The task. Reproduce, from the lines below, exactly the stretch that begins at the line containing "(use EY_1_eq[OF assms]" and ends at the line containing "using \<open>M \<ge> 2\<close> \<open>P", both included.

Given information.

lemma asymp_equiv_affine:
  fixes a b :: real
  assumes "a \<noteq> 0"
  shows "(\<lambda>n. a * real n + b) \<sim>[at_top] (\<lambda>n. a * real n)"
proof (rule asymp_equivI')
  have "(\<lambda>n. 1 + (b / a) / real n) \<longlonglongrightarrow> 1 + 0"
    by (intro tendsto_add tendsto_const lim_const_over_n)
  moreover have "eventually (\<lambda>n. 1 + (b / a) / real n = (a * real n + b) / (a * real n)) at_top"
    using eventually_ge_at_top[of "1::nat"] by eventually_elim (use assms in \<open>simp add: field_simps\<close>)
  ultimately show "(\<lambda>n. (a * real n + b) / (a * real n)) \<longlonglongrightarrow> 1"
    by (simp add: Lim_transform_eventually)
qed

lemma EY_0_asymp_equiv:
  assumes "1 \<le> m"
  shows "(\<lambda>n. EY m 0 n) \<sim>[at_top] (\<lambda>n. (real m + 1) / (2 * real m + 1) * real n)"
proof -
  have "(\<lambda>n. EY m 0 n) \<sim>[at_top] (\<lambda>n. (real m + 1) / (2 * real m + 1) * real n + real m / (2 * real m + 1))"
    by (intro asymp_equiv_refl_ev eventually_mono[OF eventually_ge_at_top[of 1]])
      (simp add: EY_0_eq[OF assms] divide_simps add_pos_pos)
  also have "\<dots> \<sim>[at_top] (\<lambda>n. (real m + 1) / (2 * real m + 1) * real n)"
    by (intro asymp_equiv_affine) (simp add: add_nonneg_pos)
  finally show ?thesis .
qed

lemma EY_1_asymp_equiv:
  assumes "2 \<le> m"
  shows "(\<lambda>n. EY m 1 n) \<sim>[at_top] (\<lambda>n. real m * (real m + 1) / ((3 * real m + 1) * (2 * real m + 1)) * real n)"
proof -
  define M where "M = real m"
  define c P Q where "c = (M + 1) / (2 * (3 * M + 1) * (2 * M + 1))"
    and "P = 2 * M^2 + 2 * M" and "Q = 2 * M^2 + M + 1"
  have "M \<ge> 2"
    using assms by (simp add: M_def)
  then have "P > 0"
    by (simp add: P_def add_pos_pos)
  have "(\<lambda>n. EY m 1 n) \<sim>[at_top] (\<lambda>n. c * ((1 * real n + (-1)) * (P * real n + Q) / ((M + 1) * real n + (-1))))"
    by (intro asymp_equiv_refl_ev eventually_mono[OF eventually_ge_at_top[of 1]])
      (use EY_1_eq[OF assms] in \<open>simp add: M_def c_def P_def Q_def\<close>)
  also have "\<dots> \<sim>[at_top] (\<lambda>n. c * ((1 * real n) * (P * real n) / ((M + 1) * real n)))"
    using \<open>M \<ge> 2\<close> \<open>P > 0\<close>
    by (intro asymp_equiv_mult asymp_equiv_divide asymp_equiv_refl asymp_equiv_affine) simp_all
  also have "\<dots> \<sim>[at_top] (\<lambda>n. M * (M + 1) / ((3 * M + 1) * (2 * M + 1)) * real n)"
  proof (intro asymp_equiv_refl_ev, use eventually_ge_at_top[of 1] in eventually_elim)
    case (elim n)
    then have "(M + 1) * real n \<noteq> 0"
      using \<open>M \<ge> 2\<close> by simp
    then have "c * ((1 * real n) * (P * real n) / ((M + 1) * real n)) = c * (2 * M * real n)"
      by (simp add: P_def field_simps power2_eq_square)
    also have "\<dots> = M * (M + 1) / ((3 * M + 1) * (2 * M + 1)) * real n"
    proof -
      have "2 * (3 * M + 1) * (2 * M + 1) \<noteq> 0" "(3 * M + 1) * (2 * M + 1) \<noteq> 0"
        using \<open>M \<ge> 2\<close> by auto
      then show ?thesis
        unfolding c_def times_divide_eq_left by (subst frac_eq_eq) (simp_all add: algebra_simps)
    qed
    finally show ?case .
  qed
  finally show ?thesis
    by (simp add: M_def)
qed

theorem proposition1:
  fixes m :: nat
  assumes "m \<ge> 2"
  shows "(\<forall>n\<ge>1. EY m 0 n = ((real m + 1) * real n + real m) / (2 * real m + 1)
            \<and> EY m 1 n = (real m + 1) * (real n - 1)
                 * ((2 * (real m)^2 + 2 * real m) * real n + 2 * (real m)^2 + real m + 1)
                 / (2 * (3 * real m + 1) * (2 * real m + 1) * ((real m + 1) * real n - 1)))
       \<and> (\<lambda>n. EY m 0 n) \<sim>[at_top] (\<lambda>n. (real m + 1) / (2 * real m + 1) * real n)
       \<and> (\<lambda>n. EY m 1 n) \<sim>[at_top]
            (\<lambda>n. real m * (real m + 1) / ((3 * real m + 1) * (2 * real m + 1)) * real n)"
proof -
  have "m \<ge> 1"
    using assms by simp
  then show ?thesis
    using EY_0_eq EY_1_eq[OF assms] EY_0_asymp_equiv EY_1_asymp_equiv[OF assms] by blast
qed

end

==

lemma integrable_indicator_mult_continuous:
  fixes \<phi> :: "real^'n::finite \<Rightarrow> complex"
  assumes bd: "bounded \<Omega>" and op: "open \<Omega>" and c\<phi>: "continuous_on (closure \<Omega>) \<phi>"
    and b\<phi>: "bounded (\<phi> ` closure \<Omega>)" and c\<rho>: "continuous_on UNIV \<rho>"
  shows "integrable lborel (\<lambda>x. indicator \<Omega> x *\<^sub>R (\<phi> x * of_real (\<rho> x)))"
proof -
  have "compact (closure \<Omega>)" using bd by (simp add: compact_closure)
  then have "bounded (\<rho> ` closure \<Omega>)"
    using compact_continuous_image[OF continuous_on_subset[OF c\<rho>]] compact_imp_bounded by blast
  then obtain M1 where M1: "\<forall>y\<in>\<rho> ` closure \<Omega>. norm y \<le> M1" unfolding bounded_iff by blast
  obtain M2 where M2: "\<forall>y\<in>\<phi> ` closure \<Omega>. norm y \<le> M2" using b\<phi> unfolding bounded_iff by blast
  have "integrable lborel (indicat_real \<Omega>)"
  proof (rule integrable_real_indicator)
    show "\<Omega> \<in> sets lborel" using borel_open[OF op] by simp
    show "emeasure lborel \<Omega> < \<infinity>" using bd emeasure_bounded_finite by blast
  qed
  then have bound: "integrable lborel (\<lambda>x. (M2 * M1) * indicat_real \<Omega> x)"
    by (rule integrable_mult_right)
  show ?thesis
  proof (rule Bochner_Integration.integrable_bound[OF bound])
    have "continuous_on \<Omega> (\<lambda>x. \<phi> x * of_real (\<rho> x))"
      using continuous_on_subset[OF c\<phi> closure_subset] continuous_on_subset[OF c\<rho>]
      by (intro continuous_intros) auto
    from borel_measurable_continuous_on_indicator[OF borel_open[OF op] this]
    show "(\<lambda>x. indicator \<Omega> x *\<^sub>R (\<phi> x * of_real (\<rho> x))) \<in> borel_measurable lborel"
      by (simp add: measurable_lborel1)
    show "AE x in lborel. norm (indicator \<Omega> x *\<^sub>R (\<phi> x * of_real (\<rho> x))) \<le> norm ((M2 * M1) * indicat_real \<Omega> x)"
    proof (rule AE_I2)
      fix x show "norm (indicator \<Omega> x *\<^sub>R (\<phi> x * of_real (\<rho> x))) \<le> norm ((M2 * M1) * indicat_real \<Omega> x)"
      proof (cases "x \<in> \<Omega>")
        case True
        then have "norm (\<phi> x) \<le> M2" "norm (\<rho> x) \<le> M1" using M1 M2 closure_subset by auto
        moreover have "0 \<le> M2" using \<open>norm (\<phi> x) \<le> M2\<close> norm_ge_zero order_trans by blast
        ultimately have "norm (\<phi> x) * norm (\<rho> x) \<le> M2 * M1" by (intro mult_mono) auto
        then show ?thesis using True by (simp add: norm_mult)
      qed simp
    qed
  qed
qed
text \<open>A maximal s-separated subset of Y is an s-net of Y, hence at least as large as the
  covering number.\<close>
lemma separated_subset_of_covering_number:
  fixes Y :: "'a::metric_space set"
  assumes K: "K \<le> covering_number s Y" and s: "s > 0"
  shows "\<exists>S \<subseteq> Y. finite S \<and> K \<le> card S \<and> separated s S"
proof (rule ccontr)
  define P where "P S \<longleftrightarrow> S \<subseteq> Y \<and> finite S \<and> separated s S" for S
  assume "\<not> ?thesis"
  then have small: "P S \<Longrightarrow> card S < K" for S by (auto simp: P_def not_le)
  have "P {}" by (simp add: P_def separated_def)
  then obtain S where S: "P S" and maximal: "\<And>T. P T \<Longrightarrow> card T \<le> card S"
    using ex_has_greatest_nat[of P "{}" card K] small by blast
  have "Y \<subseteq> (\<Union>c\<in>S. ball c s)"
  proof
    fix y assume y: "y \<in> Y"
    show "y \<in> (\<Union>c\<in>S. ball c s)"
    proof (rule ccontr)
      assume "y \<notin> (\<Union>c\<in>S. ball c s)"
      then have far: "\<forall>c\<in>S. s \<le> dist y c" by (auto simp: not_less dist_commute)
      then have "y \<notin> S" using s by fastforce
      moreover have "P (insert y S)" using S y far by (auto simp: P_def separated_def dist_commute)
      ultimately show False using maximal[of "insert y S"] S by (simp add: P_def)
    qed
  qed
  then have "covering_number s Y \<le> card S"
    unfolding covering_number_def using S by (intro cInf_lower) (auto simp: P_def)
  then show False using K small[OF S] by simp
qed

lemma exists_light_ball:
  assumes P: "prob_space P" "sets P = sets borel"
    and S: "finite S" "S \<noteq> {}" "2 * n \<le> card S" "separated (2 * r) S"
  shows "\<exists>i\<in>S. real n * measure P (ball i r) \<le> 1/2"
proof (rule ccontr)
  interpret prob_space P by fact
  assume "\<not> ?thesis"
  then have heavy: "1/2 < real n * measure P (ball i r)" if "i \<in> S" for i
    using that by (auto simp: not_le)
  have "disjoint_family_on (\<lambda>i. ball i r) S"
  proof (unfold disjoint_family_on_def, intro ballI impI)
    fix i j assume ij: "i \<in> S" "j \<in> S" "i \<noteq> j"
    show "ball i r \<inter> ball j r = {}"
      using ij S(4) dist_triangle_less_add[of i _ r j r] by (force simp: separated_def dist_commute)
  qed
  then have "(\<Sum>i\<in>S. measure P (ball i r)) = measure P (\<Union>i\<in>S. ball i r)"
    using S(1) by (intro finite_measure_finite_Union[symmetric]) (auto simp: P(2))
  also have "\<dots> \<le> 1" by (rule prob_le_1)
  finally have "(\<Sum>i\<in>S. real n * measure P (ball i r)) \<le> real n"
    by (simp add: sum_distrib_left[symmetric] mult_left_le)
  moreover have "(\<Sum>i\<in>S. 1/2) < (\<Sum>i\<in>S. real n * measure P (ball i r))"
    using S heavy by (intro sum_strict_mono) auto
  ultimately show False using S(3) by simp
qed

Task output.
      (use EY_1_eq[OF assms] in \<open>simp add: M_def c_def P_def Q_def\<close>)
  also have "\<dots> \<sim>[at_top] (\<lambda>n. c * ((1 * real n) * (P * real n) / ((M + 1) * real n)))"
    using \<open>M \<ge> 2\<close> \<open>P > 0\<close>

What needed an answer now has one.